Machine Learning (Theory)


Embeddings: what are they good for?

Tags: General sanjoy@ 1:22 am

I’ve been looking at some recent embeddings work, and am struck by how beautiful the theory and algorithms are. It also makes me wonder, what are embeddings good for?

A few things immediately come to mind:

(1) For visualization of high-dimensional data sets.

In this case, one would like good algorithms for embedding specifically into 2- and 3-dimensional Euclidean spaces.

(2) For nonparametric modeling.

The usual nonparametric models (histograms, nearest neighbor) often require resources which are exponential in the dimension. So if the data actually lie close to some low-dimensional
surface, it might be a good idea to first identify this surface and embed the data before applying the model.

Incidentally, for applications like these, it’s important to have a functional mapping from high to low dimension, which some techniques do not yield up.

(3) As a prelude to classifier learning.

The hope here is presumably that learning will be easier in the low-dimensional space, because of (i) better generalization and (ii) a more “natural” layout of the data.

I’d be curious to know of other uses for embeddings.

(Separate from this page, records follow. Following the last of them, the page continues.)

lemma herm_self_F2: "herm n z z = 0 \<or> herm n z z = 1"
proof (induct n)
  case (Suc n)
  then show ?case
    using f4_norm_F2[of "z n"] by (auto simp: herm_eq_sum)
qed (simp add: herm_eq_sum)

lemma herm_zero_vec [simp]: "herm n zero_vec w = 0" "herm n w zero_vec = 0"
  by (simp_all add: herm_eq_sum zero_vec_def F0_eq_zero)

subsection \<open>Character sums over \<open>F\<^sub>4\<^sup>n\<close> and over \<open>Phi n\<close>\<close>

lemma f4vecs_0: "f4vecs 0 = {zero_vec}"
  by (auto simp: f4vecs_def zero_vec_def)

lemma f4vecs_Suc: "f4vecs (Suc n) = (\<lambda>(z, c). z(n := c)) ` (f4vecs n \<times> UNIV)"
proof (intro equalityI subsetI)
  fix x assume x: "x \<in> f4vecs (Suc n)"
  have "x = (\<lambda>(z, c). z(n := c)) (x(n := F0), x n)"
    by simp
  moreover have "x(n := F0) \<in> f4vecs n"
    using x by (auto simp: f4vecs_def)
  ultimately show "x \<in> (\<lambda>(z, c). z(n := c)) ` (f4vecs n \<times> UNIV)"
    by blast
qed (auto simp: f4vecs_def)

lemma inj_on_fun_upd_f4vecs: "inj_on (\<lambda>(z, c). z(n := c)) (f4vecs n \<times> UNIV)"
proof (rule inj_onI, clarsimp)
  fix z c z' c' assume z: "z \<in> f4vecs n" "z' \<in> f4vecs n" and eq: "z(n := c) = z'(n := c')"
  have "z k = z' k" for k
    using z fun_cong[OF eq, of k] by (cases "k = n") (auto simp: f4vecs_def)
  then show "z = z' \<and> c = c'"
    using fun_cong[OF eq, of n] by auto
qed

lemma finite_f4vecs: "finite (f4vecs n)"
  by (induct n) (simp_all add: f4vecs_0 f4vecs_Suc)

lemma sum_prod_f4vecs:
  "(\<Sum>z\<in>f4vecs n. \<Prod>k<n. g k (z k)) = (\<Prod>k<n. \<Sum>c\<in>UNIV. g k c :: complex)"
proof (induct n)
  case (Suc n)
  have "(\<Sum>z\<in>f4vecs (Suc n). \<Prod>k<Suc n. g k (z k))
      = (\<Sum>(z, c)\<in>f4vecs n \<times> UNIV. (\<Prod>k<n. g k (z k)) * g n c)"
    unfolding f4vecs_Suc sum.reindex[OF inj_on_fun_upd_f4vecs]
    by (rule sum.cong) (auto intro!: prod.cong)
  also have "\<dots> = (\<Sum>z\<in>f4vecs n. \<Prod>k<n. g k (z k)) * (\<Sum>c\<in>UNIV. g n c)"
    by (simp add: sum.cartesian_product[symmetric] sum_product)
  finally show ?case
    using Suc by simp
qed (simp add: f4vecs_0)

lemma zero_vec_in_f4vecs: "zero_vec \<in> f4vecs n"
  by (simp add: f4vecs_def zero_vec_def)

lemma f4vecs_eq_zero_vec_iff: "w \<in> f4vecs n \<Longrightarrow> w = zero_vec \<longleftrightarrow> (\<forall>k<n. w k = 0)"
  by (auto simp: f4vecs_def zero_vec_def F0_eq_zero fun_eq_iff) (metis not_le)

lemma sum_f4vecs_trace_char:
  assumes "w \<in> f4vecs n"
  shows "(\<Sum>z\<in>f4vecs n. trace_char (herm n z w)) = (if w = zero_vec then 4 ^ n else 0)"
proof -
  have "(\<Sum>z\<in>f4vecs n. trace_char (herm n z w)) = (\<Prod>k<n. \<Sum>c\<in>UNIV. trace_char (c * w k ^ 2))"
    by (simp add: herm_eq_sum trace_char_sum sum_prod_f4vecs[where g = "\<lambda>k c. trace_char (c * w k ^ 2)"])
  also have "\<dots> = (\<Prod>k<n. if w k = 0 then 4 else 0)"
    by (simp add: trace_char_orthogonal)
  also have "\<dots> = (if \<forall>k<n. w k = 0 then 4 ^ n else 0)"
    by (induct n) (auto simp: less_Suc_eq)
  finally show ?thesis
    by (simp add: f4vecs_eq_zero_vec_iff[OF assms])
qed

lemma sum_f4vecs_gauss:
  "(\<Sum>z\<in>f4vecs n. trace_char (FA * herm n z z) * trace_char (herm n z w))
     = (-2) ^ n * trace_char (FA * herm n w w)"
proof -
  have "(\<Sum>z\<in>f4vecs n. trace_char (FA * herm n z z) * trace_char (herm n z w))
      = (\<Sum>z\<in>f4vecs n. \<Prod>k<n. trace_char (FA * (z k * z k ^ 2)) * trace_char (z k * w k ^ 2))"
    by (simp add: herm_eq_sum trace_char_sum sum_distrib_left prod.distrib)
  also have "\<dots> = (\<Prod>k<n. \<Sum>c\<in>UNIV. trace_char (FA * (c * c ^ 2)) * trace_char (c * w k ^ 2))"
    by (rule sum_prod_f4vecs)
  also have "\<dots> = (\<Prod>k<n. -2 * trace_char (FA * (w k * w k ^ 2)))"
    by (simp add: trace_char_gauss)
  also have "\<dots> = (-2) ^ n * trace_char (FA * herm n w w)"
    by (simp only: prod.distrib) (simp add: herm_eq_sum trace_char_sum sum_distrib_left)
  finally show ?thesis .
qed

lemma Phi_iff: "x \<in> Phi n \<longleftrightarrow> x \<in> f4vecs n \<and> x \<noteq> zero_vec \<and> herm n x x = 0"
  by (simp add: Phi_def F0_eq_zero)

lemma finite_Phi: "finite (Phi n)"
  by (rule finite_subset[OF _ finite_f4vecs]) (auto simp: Phi_def)

text \<open>Since \<open>herm n z z\<close> lies in \<open>{0, 1}\<close> and \<open>trace_char FA = -1\<close>, the factor
  \<open>(1 + trace_char (FA * herm n z z)) / 2\<close> is the indicator of isotropy.\<close>

lemma sum_Phi_eq_sum_f4vecs:
  "(\<Sum>z\<in>Phi n. f z) = (\<Sum>z\<in>f4vecs n. (1 + trace_char (FA * herm n z z)) / 2 * f z) - f zero_vec"
proof -
  have "(\<Sum>z\<in>f4vecs n. (1 + trace_char (FA * herm n z z)) / 2 * f z)
      = (\<Sum>z\<in>f4vecs n. if herm n z z = 0 then f z else 0)"
    by (rule sum.cong) (use herm_self_F2[of n] in \<open>force simp: FA_FB_arith\<close>)+
  also have "\<dots> = sum f (insert zero_vec (Phi n))"
    by (simp add: sum.inter_filter[OF finite_f4vecs, symmetric])
      (rule sum.cong, auto simp: Phi_iff zero_vec_in_f4vecs)
  also have "\<dots> = f zero_vec + sum f (Phi n)"
    by (simp add: finite_Phi Phi_iff)
  finally show ?thesis
    by simp
qed

lemma sum_Phi_trace_char:
  assumes "w \<in> f4vecs n"
  shows "(\<Sum>z\<in>Phi n. trace_char (herm n z w))
    = (if w = zero_vec then 4 ^ n else 0) / 2 + (-2) ^ n / 2 * trace_char (FA * herm n w w) - 1"
proof -
  have "(\<Sum>z\<in>f4vecs n. (1 + trace_char (FA * herm n z z)) / 2 * trace_char (herm n z w))
      = (\<Sum>z\<in>f4vecs n. trace_char (herm n z w)) / 2
        + (\<Sum>z\<in>f4vecs n. trace_char (FA * herm n z z) * trace_char (herm n z w)) / 2"
    by (simp add: sum_divide_distrib sum.distrib[symmetric] field_simps)
  then show ?thesis
    by (simp add: sum_Phi_eq_sum_f4vecs sum_f4vecs_trace_char[OF assms] sum_f4vecs_gauss)
qed

subsection \<open>The matrices \<open>S\<^sub>c\<close> and \<open>T\<^sub>l\<close>\<close>

definition scal_mat :: "f4 \<Rightarrow> mat" where
  "scal_mat c x y = (if y = smul c x then 1 else 0)"

definition char_mat :: "nat \<Rightarrow> f4 \<Rightarrow> mat" where
  "char_mat n l x y = trace_char (l * herm n x y)"

definition param_q :: "nat \<Rightarrow> complex" where
  "param_q n = (-2) ^ n"

definition Phi_size :: "complex \<Rightarrow> complex" where
  "Phi_size q = (q * q + q) / 2 - 1"

lemma four_power_eq_param_q: "(4::complex) ^ n = param_q n * param_q n"
  by (simp add: param_q_def flip: power_mult_distrib)

lemma Phi_nonzero_coord:
  assumes "x \<in> Phi n"
  obtains k where "x k \<noteq> 0"
  using assms by (auto simp: Phi_iff zero_vec_def fun_eq_iff F0_eq_zero)

lemma smul_eq_smul_iff: "x \<in> Phi n \<Longrightarrow> smul a x = smul b x \<longleftrightarrow> a = b"
  by (metis Phi_nonzero_coord mult_cancel_right smul_apply)

lemma smul_in_Phi:
  assumes "a \<noteq> 0" "x \<in> Phi n"
  shows "smul a x \<in> Phi n"
proof -
  obtain k where "x k \<noteq> 0"
    using Phi_nonzero_coord[OF assms(2)] .
  then have "smul a x \<noteq> zero_vec"
    using assms(1) by (auto simp: fun_eq_iff zero_vec_def F0_eq_zero)
  moreover have "smul a x \<in> f4vecs n"
    using assms(2) by (auto simp: Phi_iff f4vecs_def F0_eq_zero)
  ultimately show ?thesis
    using assms(2) by (simp add: Phi_iff herm_smul_left herm_smul_right)
qed

lemma mmul_scal_mat_left:
  assumes "a \<noteq> 0" "x \<in> Phi n"
  shows "mmul n (scal_mat a) M x y = M (smul a x) y"
  using smul_in_Phi[OF assms] finite_Phi
  by (simp add: mmul_def scal_mat_def if_distrib[of "\<lambda>t. t * _"] cong: if_cong)

lemma mmul_scal_mat_right:
  assumes "a \<noteq> 0" "y \<in> Phi n"
  shows "mmul n M (scal_mat a) x y = M x (smul (a ^ 2) y)"
proof -
  have "y = smul a z \<longleftrightarrow> z = smul (a ^ 2) y" for z
    using f4_square_mult_self[OF assms(1)] by auto
  then show ?thesis
    using smul_in_Phi[OF _ assms(2), of "a ^ 2"] assms(1) finite_Phi
    by (simp add: mmul_def scal_mat_def if_distrib[of "\<lambda>t. _ * t"] cong: if_cong)
qed

lemma scal_mat_smul_left: "scal_mat b (smul a x) y = scal_mat (a * b) x y"
  by (simp add: scal_mat_def mult.commute)

lemma scal_mat_smul_right:
  assumes "c \<noteq> 0"
  shows "scal_mat b x (smul c y) = scal_mat (b * c ^ 2) x y"
proof -
  have "smul c y = smul b x \<longleftrightarrow> y = smul (b * c ^ 2) x"
    using f4_square_mult_self[OF assms]
    by (metis (no_types, lifting) mult.assoc mult.commute smul_one smul_smul)
  then show ?thesis
    by (simp add: scal_mat_def)
qed

lemma char_mat_smul_left: "char_mat n l (smul a x) y = char_mat n (l * a) x y"
  by (simp add: char_mat_def herm_smul_left mult.assoc)

lemma char_mat_smul_right: "char_mat n l x (smul c y) = char_mat n (l * c ^ 2) x y"
  by (simp add: char_mat_def herm_smul_right mult.assoc)

lemma char_mat_zero [simp]: "char_mat n 0 x y = 1"
  by (simp add: char_mat_def)

text \<open>The product \<open>T\<^sub>l T\<^sub>m\<close> is a character sum over \<open>Phi n\<close> of the linear form
  \<open>\<langle>_, l x + m\<^sup>2 y\<rangle>\<close>; its Gauss-sum part only depends on \<open>\<langle>w, w\<rangle> = t + t\<^sup>2\<close> with
  \<open>t = l m \<langle>x, y\<rangle>\<close>, because \<open>x\<close> and \<open>y\<close> are isotropic.\<close>

lemma mmul_char_mat_sum:
  assumes x: "x \<in> Phi n" and y: "y \<in> Phi n"
  shows "mmul n (char_mat n l) (char_mat n m) x y =
    (if (\<lambda>k. l * x k + m ^ 2 * y k) = zero_vec then 4 ^ n else 0) / 2
    + (-2) ^ n / 2 * trace_char (l * m * herm n x y) - 1"
proof -
  define w where "w = (\<lambda>k. l * x k + m ^ 2 * y k)"
  have w: "w \<in> f4vecs n"
    using x y by (auto simp: Phi_iff f4vecs_def w_def F0_eq_zero)
  have herm_w: "herm n z w = herm n z (smul l x) + herm n z (smul (m ^ 2) y)" for z
    unfolding w_def by (simp flip: herm_add_right)
  have "char_mat n l x z * char_mat n m z y = trace_char (herm n z w)" for z
    unfolding char_mat_def herm_w trace_char_add herm_smul_right f4_square_square
    by (subst herm_swap) (simp add: trace_char_conj)
  then have product: "mmul n (char_mat n l) (char_mat n m) x y = (\<Sum>z\<in>Phi n. trace_char (herm n z w))"
    by (simp add: mmul_def)
  have gauss: "trace_char (FA * herm n w w) = trace_char (l * m * herm n x y)"
  proof -
    have "herm n x x = 0" "herm n y y = 0"
      using x y by (simp_all add: Phi_iff)
    moreover have "w = (\<lambda>k. smul l x k + smul (m ^ 2) y k)"
      by (simp add: w_def)
    ultimately have "herm n w w = l * m * herm n x y + (l * m * herm n x y) ^ 2"
      by (simp only: herm_add_left herm_add_right herm_smul_left herm_smul_right)
        (simp add: herm_swap[of n y x] power_mult_distrib f4_square_square f4_power_4 algebra_simps)
    then show ?thesis
      by (simp add: trace_char_FA_trace)
  qed
  show ?thesis
    unfolding product sum_Phi_trace_char[OF w] gauss by (simp add: w_def)
qed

5 Comments to “Embeddings: what are they good for?”
  1. SoloGen says:

    There are a few problems in which projecting in a lower-dimensional manifold would be a good choice (“… learning will be easier in the low-dimensional space …”) and some problems in which tranforming them into high-dimensional spaces would make them linearly separable. It seems that it is not that much dependent on the specific problem, but it depends on our assumption about the easier-classifable topology using our methods in our toolbox. I am curious to know more about this issue.

  2. Suresh says:

    Of course the original use of embeddings was in none of the above :), as a tool for approximating certain NP-hard problems (like sparsest cut)

  3. I have seen several people have problems with (3). One reason why you might expect problems is because of successive approximation: First you approximate the manifold and then you approximate the decision boundary.

    Michael Littman has been thinking about (2) (although I am unsure of his success).

  4. I’ve used dimension reduction for density estimation for human poses. In that particular problem, estimating a multimodal density from a small set of a data points in the full, high-dimensional space was not practical, but a low-dimensional embedding (and a Bayesian model) made it tractable. Specifically, we used the GPLVM. It doesn’t have the lovely closed-form results of the other embedding methods, but it seems much more useful, at least for the kinds of problems I’m interested in.

  5. Ali Baghani says:

    I have been working on the subject for a while. I think a good interpretation of manifold learning is abstraction. It abstracts concepts present in a data set.